What is a planned gift and how will it help me, my church, and the diocese?

A planned gift is any gift that a donor plans and thoughtfully arranges with their church, diocese, or any charitable organization. It may be an outright gift of cash, but frequently it is made with stock or other property. Often one completes a planned gift over several month or years – even after one’s death.

Isn’t planned giving just for people with a great deal of money who can make big contributions?

Planned giving meets the needs of the donor first and is a very versatile. There are many ways to plan your gift.

You said there are many ways to plan a gift to my church or diocese – can you be more specific?

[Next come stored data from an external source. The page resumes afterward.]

lemma completely_regular_space_of_punctured:
  assumes t1: "t1_space Z" and cr: "\<forall>w\<in>topspace Z. completely_regular_space (punctured Z w)"
  shows "completely_regular_space Z"
  unfolding completely_regular_space_def
proof (intro allI impI)
  fix C z assume "closedin Z C \<and> z \<in> topspace Z - C"
  then have C: "closedin Z C" and z: "z \<in> topspace Z" "z \<notin> C"
    by auto
  show "\<exists>f::_\<Rightarrow>real. continuous_map Z (top_of_set {0..1}) f \<and> f z = 0 \<and> f ` C \<subseteq> {1}"
  proof (cases "C = topspace Z - {z}")
    case True
    then have "openin Z {z}"
      using C z(1) by (simp add: closedin_def Diff_Diff_Int inf.absorb2)
    then have "continuous_map Z (top_of_set {0..1}) (\<lambda>x. if x \<in> {z} then 0 else 1::real)"
      by (rule continuous_map_if_open_cover[OF _ openin_t1_delete[OF t1 openin_topspace]])
        (use z in auto)
    then show ?thesis
      using True by (intro exI[of _ "\<lambda>x. if x \<in> {z} then 0 else 1::real"]) auto
  next
    case False
    then obtain w where w: "w \<in> topspace Z" "w \<notin> C" "w \<noteq> z"
      using closedin_subset[OF C] z by auto
    have "Hausdorff_space (punctured Z p)" if "p \<in> topspace Z" for p
      using cr that t1_space_subtopology[OF t1]
      by (simp add: completely_regular_imp_regular_space regular_t1_imp_Hausdorff_space)
    then have "Hausdorff_space Z"
      using Hausdorff_space_of_punctured[OF t1] by blast
    then obtain U V where UV: "openin Z U" "openin Z V" "z \<in> U" "w \<in> V" "disjnt U V"
      using z(1) w(1,3) unfolding Hausdorff_space_def by blast
    show ?thesis
      using cr w(1) by (intro separating_function_from_punctured[OF t1 _ C z w(1,2) UV]) blast
  qed
qed

lemma connected_t1_space_subsingleton:
  assumes "\<And>p q. p \<in> topspace Z \<Longrightarrow> q \<in> topspace Z \<Longrightarrow> p = q"
  shows "connected_space Z" "t1_space Z"
proof -
  show "connected_space Z"
    unfolding connected_space_eq
  proof (intro notI, elim exE conjE)
    fix E1 E2 assume "openin Z E1" "openin Z E2" "E1 \<union> E2 = topspace Z" "E1 \<inter> E2 = {}"
      "E1 \<noteq> {}" "E2 \<noteq> {}"
    then obtain p q where "p \<in> E1" "q \<in> E2" "p \<in> topspace Z" "q \<in> topspace Z"
      by blast
    then show False
      using assms \<open>E1 \<inter> E2 = {}\<close> by blast
  qed
  show "t1_space Z"
    unfolding t1_space_def using assms by blast
qed

lemma deck_bijection_punctured_t1_completely_regular_separable:
  assumes deck: "deck_bijection X Z f" and w: "w \<in> topspace Z"
    and X: "t1_space X" "completely_regular_space X" "separable_space X"
  shows "t1_space (punctured Z w)" "completely_regular_space (punctured Z w)"
    "separable_space (punctured Z w)"
proof -
  obtain x where "x \<in> topspace X" and hom: "punctured X x homeomorphic_space punctured Z w"
    using deck_bijection_homeomorphic_punctured[OF deck w] by blast
  have "t1_space (punctured X x)" "completely_regular_space (punctured X x)"
    "separable_space (punctured X x)"
    using t1_space_subtopology[OF X(1)] completely_regular_space_subtopology[OF X(2)]
      separable_space_open_subset[OF X(3) openin_t1_delete[OF X(1) openin_topspace]]
    by blast+
  then show "t1_space (punctured Z w)" "completely_regular_space (punctured Z w)"
    "separable_space (punctured Z w)"
    by (simp_all add: homeomorphic_t1_space[OF hom] homeomorphic_completely_regular_space[OF hom]
        homeomorphic_separable_space[OF hom])
qed

section \<open>Connectedness\<close>

lemma punctured_homeomorphic_not_openin_singleton:
  assumes X: "connected_space X" "t1_space X" "x \<in> topspace X"
    and hom: "punctured X x homeomorphic_space punctured Z w"
    and z: "z \<in> topspace Z" "z \<noteq> w"
  shows "\<not> openin Z {z}"
proof
  assume "openin Z {z}"
  then have "openin (punctured Z w) {z}"
    using z by (auto simp: openin_subtopology intro!: exI[of _ "{z}"])
  obtain g where g: "homeomorphic_map (punctured Z w) (punctured X x) g"
    using hom homeomorphic_space homeomorphic_space_sym by metis
  have "{z} \<subseteq> topspace (punctured Z w)"
    using z by simp
  then have "openin (punctured X x) (g ` {z})"
    using homeomorphic_map_openness[OF g] \<open>openin (punctured Z w) {z}\<close> by blast
  then show False
    using connected_space_punctured_not_openin_singleton[OF X] by simp
qed

lemma punctured_homeomorphic_clopen_not_connectedin_delete:
  assumes X: "connected_space X" "t1_space X"
    and cut: "\<forall>u\<in>topspace X. \<not> connected_space (punctured X u)"
    and y: "y \<in> topspace X" and hom: "punctured X y homeomorphic_space punctured Z b"
    and A: "openin (punctured Z b) A" "closedin (punctured Z b) A" "A \<noteq> topspace Z - {b}"
    and a: "a \<in> A"
  shows "\<not> connectedin Z (A - {a})"
proof
  assume conn: "connectedin Z (A - {a})"
  obtain g where g: "homeomorphic_map (punctured Z b) (punctured X y) g"
    using hom homeomorphic_space homeomorphic_space_sym by metis
  have Asub: "A \<subseteq> topspace (punctured Z b)"
    using A(1) openin_subset by blast
  have inj: "inj_on g (topspace (punctured Z b))"
    and surj: "g ` topspace (punctured Z b) = topspace (punctured X y)"
    using g homeomorphic_imp_injective_map homeomorphic_imp_surjective_map by blast+
  have W: "openin (punctured X y) (g ` A)" "closedin (punctured X y) (g ` A)"
    using homeomorphic_map_openness[OF g Asub] homeomorphic_map_closedness[OF g Asub] A(1,2)
    by simp_all
  have "g ` A \<noteq> g ` topspace (punctured Z b)"
    using inj_on_image_eq_iff[OF inj Asub subset_refl] A(3) by auto
  then have "g ` A \<noteq> topspace X - {y}"
    using surj by (simp add: Int_absorb1)
  then have "\<not> connectedin X (g ` A - {g a})"
    by (rule punctured_clopen_not_connectedin_delete[OF X cut y W _ imageI[OF a]])
  moreover have "g ` (A - {a}) = g ` A - {g a}"
    using inj_on_image_set_diff[OF inj, of A "{a}"] Asub a by auto
  moreover have "connectedin (punctured Z b) (A - {a})"
    using conn Asub by (auto simp: connectedin_subtopology)
  then have "connectedin (punctured X y) (g ` (A - {a}))"
    using homeomorphic_map_connectedness[OF g] Asub by blast
  ultimately show False
    by (simp add: connectedin_subtopology)
qed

Learn More About Planned Giving

 


Bequests

Most planned gifts are made as bequests through one’s will or estate plan. In fact, almost 80% of all planned gifts are bequests. You may not need to rewrite your will in order to include to a bequest to your church or the diocese, as a codicil will suffice. Your attorney will advise you on the best way to handle a bequest.

Learn More About Bequests

 


Charitable Gift Annuity

A charitable gift annuity is a gift agreement between the donor and the Church. In exchange for your gift, the church agrees to pay one or more people -- often the donor and a spouse -- a set income each year for life. After the deaths of both income recipients, the money remaining in the gift annuity goes to your church.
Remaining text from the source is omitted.